Single zpool would be easier to manage, especially when it comes to the hot spare disks management. For example, for the above disk array, you can assign all remaining disks into the zpool as hot spare disks and ZFS will take care of disk failure automatically. In this configuration, ZFS can tolerate to lose any 8 disks in the pool without data loss. The other benefit is about ditto blocks. ZFS will store 3 copies for file system metadata and 2 copies for file metadata(indirect blocks). With more VDEVs in the pool, ZFS will be able to choose different VDEVs to write different ditto blocks, therefore improving the overall reliability.

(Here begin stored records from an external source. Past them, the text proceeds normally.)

lemma Ent_le_Delta_ln_inverse:
  assumes P: "prob_vec W P" and Delta: "Delta W P \<le> exp (-2)"
  shows "Ent W P \<le> (3 / 2 + ln (card W) / 2) * (Delta W P * ln (1 / Delta W P))"
proof -
  obtain w0 where "prob_vec_mode W P w0"
    using prob_vec_mode_exists[OF P] ..
  then interpret prob_vec_mode W P w0 .
  define D where "D = Delta W P"
  have Ent: "Ent W P \<le> D + D * ln (card W / D)"
    unfolding Ent_split D_def using mode_entropy_le rest_entropy_le by linarith
  show ?thesis
  proof (cases "D = 0")
    case True
    then show ?thesis using Ent unfolding D_def by simp
  next
    case False
    then have D: "0 < D" using Delta_nonneg unfolding D_def by simp
    have "0 < card W" using finite_W mode_mem by (auto simp: card_gt_0_iff)
    then have "ln (card W / D) = ln (card W) + ln (1 / D)" using D by (simp add: ln_div)
    moreover have "2 * D \<le> D * ln (1 / D)" "0 \<le> ln (card W)"
      using two_Delta_le_Delta_ln_inverse[OF P Delta] \<open>0 < card W\<close> unfolding D_def by auto
    moreover from this have "2 * D * ln (card W) \<le> D * ln (1 / D) * ln (card W)"
      by (intro mult_right_mono)
    ultimately show ?thesis
      using Ent unfolding D_def[symmetric] by (simp add: algebra_simps)
  qed
qed

section \<open>Comparison of the gaps with \<open>\<Delta>\<close> and the entropy\<close>

lemma E1_minus_E0_collision_bounds:
  assumes P: "prob_vec W P" and gm [measurable]: "g \<in> borel_measurable borel"
    and g: "set_integrable lborel {0<..<1} g"
    and lo: "\<And>a. 1 \<le> a \<Longrightarrow> lo * (1 - 1 / a) / a \<le> beta_gap g a"
    and hi: "\<And>a. 1 \<le> a \<Longrightarrow> beta_gap g a \<le> hi * (1 - 1 / a) / a"
  shows "lo * (1 - (\<Sum>w\<in>W. (P w)\<^sup>2)) \<le> E1 W P g - E0 g"
    and "E1 W P g - E0 g \<le> hi * (1 - (\<Sum>w\<in>W. (P w)\<^sup>2))"
proof -
  let ?S = "{w\<in>W. P w > 0}"
  have a: "1 \<le> 1 / P w" and weight: "c * (1 - 1 / (1 / P w)) / (1 / P w) = c * (P w * (1 - P w))"
    if "w \<in> ?S" for w c
    using that prob_vec_le_one[OF P] by (auto simp: field_simps)
  have collision: "c * (1 - (\<Sum>w\<in>W. (P w)\<^sup>2)) = (\<Sum>w\<in>?S. c * (P w * (1 - P w)))" for c
    by (simp only: sum_distrib_left[symmetric] sum_support_mult_one_minus[OF P])
  have "lo * (P w * (1 - P w)) \<le> beta_gap g (1 / P w)"
    and "beta_gap g (1 / P w) \<le> hi * (P w * (1 - P w))" if "w \<in> ?S" for w
    using lo[OF a[OF that]] hi[OF a[OF that]] unfolding weight[OF that] .
  then show "lo * (1 - (\<Sum>w\<in>W. (P w)\<^sup>2)) \<le> E1 W P g - E0 g"
    and "E1 W P g - E0 g \<le> hi * (1 - (\<Sum>w\<in>W. (P w)\<^sup>2))"
    unfolding collision E1_minus_E0_eq_sum_beta_gap[OF P gm g] by (auto intro: sum_mono)
qed
(* Let $\epsilon>0$ and let $(Q,K)$, $c(K)$ and $Y=t\,c'(K)\partial_Q-\partial_K$ be as described in the context. Let $\bar f(t,Q,K)$ be a solution of $$\partial_t\bar f - c(K)\,\partial_Q\bar f = 0$$ on $[0,\infty)\times(\mathbb{R}/2\pi\mathbb{Z})\times(0,\infty)$, whose initial data, expressed in $(x,v)$ variables as $f_0(x,v)=\bar f(0,Q,K)$, is smooth, nonnegative, and satisfies $\mathrm{supp}(f_0)\subseteq\{(x,v): c_s\leq \frac{v^2}{2}+\Phi(x)\leq c_s^{-1}\}$ for some $c_s>0$. Then $$\sup_{(t,Q,K)\in[0,\infty)\times\mathbb{T}^1\times[c_s,c_s^{-1}]}\ \sum_{\ell\leq 2}|Y^\ell\bar f|(t,Q,K)\lesssim \sup_{(x,v)\in\mathbb{R}\times\mathbb{R}}\ \sum_{|\alpha|+|\beta|\leq 2}|\partial_x^\alpha\partial_v^\beta f_0|(x,v),$$ where the implicit constant depends only on $\epsilon$ and $c_s$.
   Context: Let $\Phi(x)=\frac{x^2}{2}+\frac{\epsilon x^4}{2}$ and $H(x,v)=\frac{v^2}{2}+\Phi(x)$. For $(x,v)\neq(0,0)$ define the angle $\chi\in\mathbb{R}/2\pi\mathbb{Z}$ by $\chi=\arcsin\big(v/\sqrt{2H}\big)$ if $x>0$ and $\chi=\pi-\arcsin\big(v/\sqrt{2H}\big)$ if $x\leq 0$; then $(x,v)\mapsto(\chi,H)$ is a bijection onto $(\mathbb{R}/2\pi\mathbb{Z})\times(0,\infty)$, and we write $x=x(\chi,H)$. Set $a(\chi,H)=\sqrt{2}\,\frac{1+2\epsilon x^2}{\sqrt{1+\epsilon x^2}}$ with $x=x(\chi,H)$. Define $c(H)>0$ by $c(H)\int_0^{2\pi}\frac{\mathrm{d}\chi}{a(\chi,H)}=2\pi$, and $Q(\chi,H)=c(H)\int_0^{\chi}\frac{\mathrm{d}\chi'}{a(\chi',H)}$ (well defined modulo $2\pi$), $K=H$. $\mathbb{T}^1=\mathbb{R}/2\pi\mathbb{Z}$. Partial derivatives $\partial_Q,\partial_K$ are taken in the coordinates $(t,Q,K)$. *)

theory Defs
  imports "HOL-Analysis.Analysis"
begin
(* Let $p>1$, $q>0$, let $F$ be the CDF of the log-logistic distribution $GBP(1,1,p,q)$, and let $y>0$. Then $$\mathrm{CRPS}(F\mid y) = \frac{p-1}{p^2}\cdot\frac{q\pi}{\sin(\pi/p)} + y\left(1-\frac{2q^p}{q^p+y^p}\;{}_2F_1\!\left(1,1;1+\tfrac1p;\frac{y^p}{q^p+y^p}\right)\right).$$
   Context: The generalized Beta-prime distribution $GBP(\alpha,\beta,p,q)$ with parameters $\alpha,\beta,p,q>0$ is the distribution on $(0,\infty)$ with density $p_Z(z)=\frac{p}{qB(\alpha,\beta)}\frac{(z/q)^{\alpha p-1}}{(1+(z/q)^p)^{\alpha+\beta}}$ for $z>0$; the log-logistic distribution is the case $\alpha=\beta=1$. For a CDF $F$ and observation $y\in\mathbb R$, $\mathrm{CRPS}(F\mid y)=\int_{\mathbb R}(F(x)-H(x-y))^2\,dx$ with $H$ the Heaviside step function. ${}_2F_1$ is the Gauss hypergeometric function. *)

theory Defs
  imports "HOL-Analysis.Analysis"
begin

definition gbp_density :: "real \<Rightarrow> real \<Rightarrow> real \<Rightarrow> real \<Rightarrow> real \<Rightarrow> real" where
  "gbp_density \<alpha> \<beta> p q z =
     (if z > 0 then p / (q * Beta \<alpha> \<beta>) * (z / q) powr (\<alpha> * p - 1)
                    / (1 + (z / q) powr p) powr (\<alpha> + \<beta>)
      else 0)"

definition gbp_cdf :: "real \<Rightarrow> real \<Rightarrow> real \<Rightarrow> real \<Rightarrow> real \<Rightarrow> real" where
  "gbp_cdf \<alpha> \<beta> p q x = integral {..x} (gbp_density \<alpha> \<beta> p q)"

text \<open>Heaviside step function (value at 0 is irrelevant for the integral).\<close>
definition heaviside :: "real \<Rightarrow> real" where
  "heaviside x = (if x \<ge> 0 then 1 else 0)"

definition hyp2F1 :: "real \<Rightarrow> real \<Rightarrow> real \<Rightarrow> real \<Rightarrow> real" where
  "hyp2F1 a b c z =
     (\<Sum>n. pochhammer a n * pochhammer b n / (pochhammer c n * fact n) * z ^ n)"

end

theory Submission
  imports Defs
begin

text \<open>On \<open>(0, \<infinity>)\<close> the log-logistic CDF is \<open>F(x) = x^p / (q^p + x^p)\<close>, so the CRPS
  integrand is \<open>F\<^sup>2\<close> on \<open>(0, y)\<close> and \<open>(1 - F)\<^sup>2\<close> on \<open>(y, \<infinity>)\<close>. Both have closed-form
  antiderivatives built from \<open>\<Psi>(x) = x (1 - F(x)) S(F(x))\<close> with \<open>S = \<^sub>2F\<^sub>1(1,1;1+s;-)\<close>,
  \<open>s = 1/p\<close>: the first-order equation \<open>z (1 - z) S' = s - (s - z) S\<close> gives \<open>\<Psi>' = 1 - F\<close>,
  and \<open>K = (1 - s) \<Psi> + s x (1 - F)\<close> has \<open>K' = (1 - F)\<^sup>2\<close>.
  The value \<open>\<Psi>(\<infinity>) = q (\<pi>/p) / sin (\<pi>/p)\<close> comes from the Abelian asymptotic
  \<open>(1 - z)\<^bsup>1-s\<^esup> S(z) \<longrightarrow> \<pi> s / sin (\<pi> s)\<close> as \<open>z \<longrightarrow> 1\<^sup>-\<close>: the coefficients \<open>n! / (1+s)\<^sub>n\<close> of \<open>S\<close>,
  divided by the coefficients \<open>(1-s)\<^sub>n / n!\<close> of \<open>(1 - z)\<^bsup>s-1\<^esup>\<close>, are the inverse partial
  products of Euler's product for \<open>sin (\<pi> s) / (\<pi> s)\<close>. The identity
  \<open>x (1 - F) = q F\<^bsup>1/p\<^esup> (1 - F)\<^bsup>1-1/p\<^esup>\<close> transfers it to \<open>x \<longrightarrow> \<infinity>\<close>.\<close>

section \<open>The series \<open>\<^sub>2F\<^sub>1(1,1;1+s;z)\<close>\<close>

definition hyp2F1_11_coeff :: "real \<Rightarrow> nat \<Rightarrow> real" where
  "hyp2F1_11_coeff s n = fact n / pochhammer (1 + s) n"

lemma hyp2F1_11_eq_suminf: "hyp2F1 1 1 (1 + s) z = (\<Sum>n. hyp2F1_11_coeff s n * z ^ n)"
  unfolding hyp2F1_def hyp2F1_11_coeff_def by (simp add: pochhammer_fact[symmetric])

lemma hyp2F1_11_coeff_pos: "s > -1 \<Longrightarrow> hyp2F1_11_coeff s n > 0"
  unfolding hyp2F1_11_coeff_def by (intro divide_pos_pos pochhammer_pos) auto

lemma fact_le_pochhammer: "(s::real) \<ge> 0 \<Longrightarrow> fact n \<le> pochhammer (1 + s) n"
proof (induction n)
  case (Suc n)
  have "fact (Suc n) = fact n * (1 + real n)" by (simp add: algebra_simps)
  also have "\<dots> \<le> pochhammer (1 + s) n * (1 + s + real n)"
    using Suc pochhammer_pos[of "1 + s" n] by (intro mult_mono) auto
  finally show ?case by (simp add: pochhammer_Suc)
qed simp

lemma hyp2F1_11_coeff_le_1: "s \<ge> 0 \<Longrightarrow> hyp2F1_11_coeff s n \<le> 1"
  unfolding hyp2F1_11_coeff_def using fact_le_pochhammer[of s n] pochhammer_pos[of "1 + s" n]
  by (simp add: divide_le_eq)

lemma hyp2F1_11_coeff_Suc:
  "s > -1 \<Longrightarrow> (s + real n + 1) * hyp2F1_11_coeff s (Suc n) = (real n + 1) * hyp2F1_11_coeff s n"
proof -
  assume "s > -1"
  then have "pochhammer (1 + s) n > 0" "s + real n + 1 > 0"
    by (auto intro: pochhammer_pos)
  then show ?thesis
    unfolding hyp2F1_11_coeff_def by (simp add: pochhammer_Suc add_ac)
qed

lemma summable_hyp2F1_11_coeff:
  assumes "s \<ge> 0" "norm z < 1" shows "summable (\<lambda>n. hyp2F1_11_coeff s n * z ^ n)"
proof (rule summable_comparison_test'[where g = "\<lambda>n. norm z ^ n"])
  show "summable (\<lambda>n. norm z ^ n)" using assms by (simp add: summable_geometric)
  show "norm (hyp2F1_11_coeff s n * z ^ n) \<le> norm z ^ n" for n
    using hyp2F1_11_coeff_pos[of s n] hyp2F1_11_coeff_le_1[of s n] assms
    by (simp add: abs_mult power_abs mult_left_le_one_le)
qed

lemma has_real_derivative_hyp2F1_11:
  assumes s: "s \<ge> 0" and z: "\<bar>z\<bar> < 1" "z \<noteq> 0"
  shows "(hyp2F1 1 1 (1 + s) has_real_derivative
            (s - (s - z) * hyp2F1 1 1 (1 + s) z) / (z * (1 - z))) (at z)"
proof -
  let ?c = "hyp2F1_11_coeff s"
  define S where "S = hyp2F1 1 1 (1 + s) z"
  define S' where "S' = (\<Sum>n. diffs ?c n * z ^ n)"
  have deriv: "(hyp2F1 1 1 (1 + s) has_real_derivative S') (at z)"
    unfolding hyp2F1_11_eq_suminf[abs_def] S'_def
    by (rule termdiffs_strong'[where K = 1]) (use assms summable_hyp2F1_11_coeff in auto)
  have "summable (\<lambda>n. diffs ?c n * z ^ n)"
    by (rule termdiff_converges[where K = 1]) (use assms summable_hyp2F1_11_coeff in auto)
  then have "(\<lambda>n. z * (diffs ?c n * z ^ n)) sums (z * S')"
    unfolding S'_def by (intro sums_mult summable_sums)
  then have "(\<lambda>n. real (Suc n) * ?c (Suc n) * z ^ Suc n) sums (z * S')"
    by (simp add: diffs_def algebra_simps)
  then have W: "(\<lambda>n. real n * ?c n * z ^ n) sums (z * S')"
    by (subst (asm) sums_Suc_iff) simp
  have S: "(\<lambda>n. ?c n * z ^ n) sums S"
    unfolding S_def hyp2F1_11_eq_suminf using summable_hyp2F1_11_coeff[of s z] assms
    by (simp add: summable_sums)
  have lhs: "(\<lambda>n. (s + real n) * ?c n * z ^ n) sums (s * S + z * S')"
    using sums_add[OF sums_mult[OF S, of s] W] by (simp add: algebra_simps)
  have "(\<lambda>n. z * ((1 + real n) * ?c n * z ^ n)) sums (z * (S + z * S'))"
    using sums_add[OF S W] by (intro sums_mult) (simp add: algebra_simps)
  then have "(\<lambda>n. (s + real (Suc n)) * ?c (Suc n) * z ^ Suc n) sums (z * (S + z * S'))"
    using hyp2F1_11_coeff_Suc[of s] s by (simp add: algebra_simps)
  txt \<open>Re-indexing by the recurrence gives a second value of \<open>\<Sum> (s + n) c\<^sub>n z\<^sup>n\<close>.\<close>
  then have "(\<lambda>n. (s + real n) * ?c n * z ^ n) sums (z * (S + z * S') + s)"
    by (subst (asm) sums_Suc_iff) (simp add: hyp2F1_11_coeff_def)
  then have "s * S + z * S' = z * (S + z * S') + s"
    using sums_unique2[OF lhs] by simp
  then have "S' = (s - (s - z) * S) / (z * (1 - z))"
    using z by (simp add: field_simps)
  with deriv show ?thesis unfolding S_def by simp
qed

lemma isCont_hyp2F1_11:
  assumes "s \<ge> 0" "\<bar>z\<bar> < 1"
  shows "isCont (hyp2F1 1 1 (1 + s)) z"
proof -
  have "summable (\<lambda>n. hyp2F1_11_coeff s n * ((1 + \<bar>z\<bar>) / 2) ^ n)"
    using assms by (intro summable_hyp2F1_11_coeff) auto
  moreover have "norm z < norm ((1 + \<bar>z\<bar>) / 2)"
    using assms by simp
  ultimately show ?thesis
    unfolding hyp2F1_11_eq_suminf[abs_def] by (rule isCont_powser)
qed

The configuration of multiple zpool has some benefits too:

  1. Better read performance. When osd-zfs is writing a bunch of data to DMU, in the single zpool configuration, DMU will use round robin policy to allocate blocks from each VDEVs, which will cause the problem that sequentially written blocks will be spread all around the pool. Then it will create some performance problems when reading them back;
  2. Consisten I/O performance. Since a TXG may spread many VDEVs in the single zpool configuration, the actual TXG sync time will be limited by the slowest VDEV. Therefore if there exists a VDEV in degrated mode, the overall I/O performance will be impacted, because DMU has to stall writing and wait for sync TXG to complete before it can cache more dirty data in memory;
  3. Having more OSTs will help client stream data better. Clients maintain dirty data and space grant per OSTs. With single pool configuration, even it has a super fast OST but the client won't be able to use it efficently;
  4. There are also lock contention issues at the pool/lustre levels that make separate pools perform better, as well as improved failure isolation (e.g. degraded RAID, total pool failure/corruption, etc), but need to be balanced with extra management effort for more OSTs, more fragmentation of free space and grant overhead.

Conclusion

All in all, it's better to have separate zpool for performance reason but single zpool for reliabiltiy. For the example above, in order to balance the requirements of performance and reliability, it would be reasonable to have 5 zpools, and each zpool has a couple of 9+2 RAIDZ2 VDEVs. Also, each zpool will have single hot spare disk. You can probably sell the remaining disk for some beer.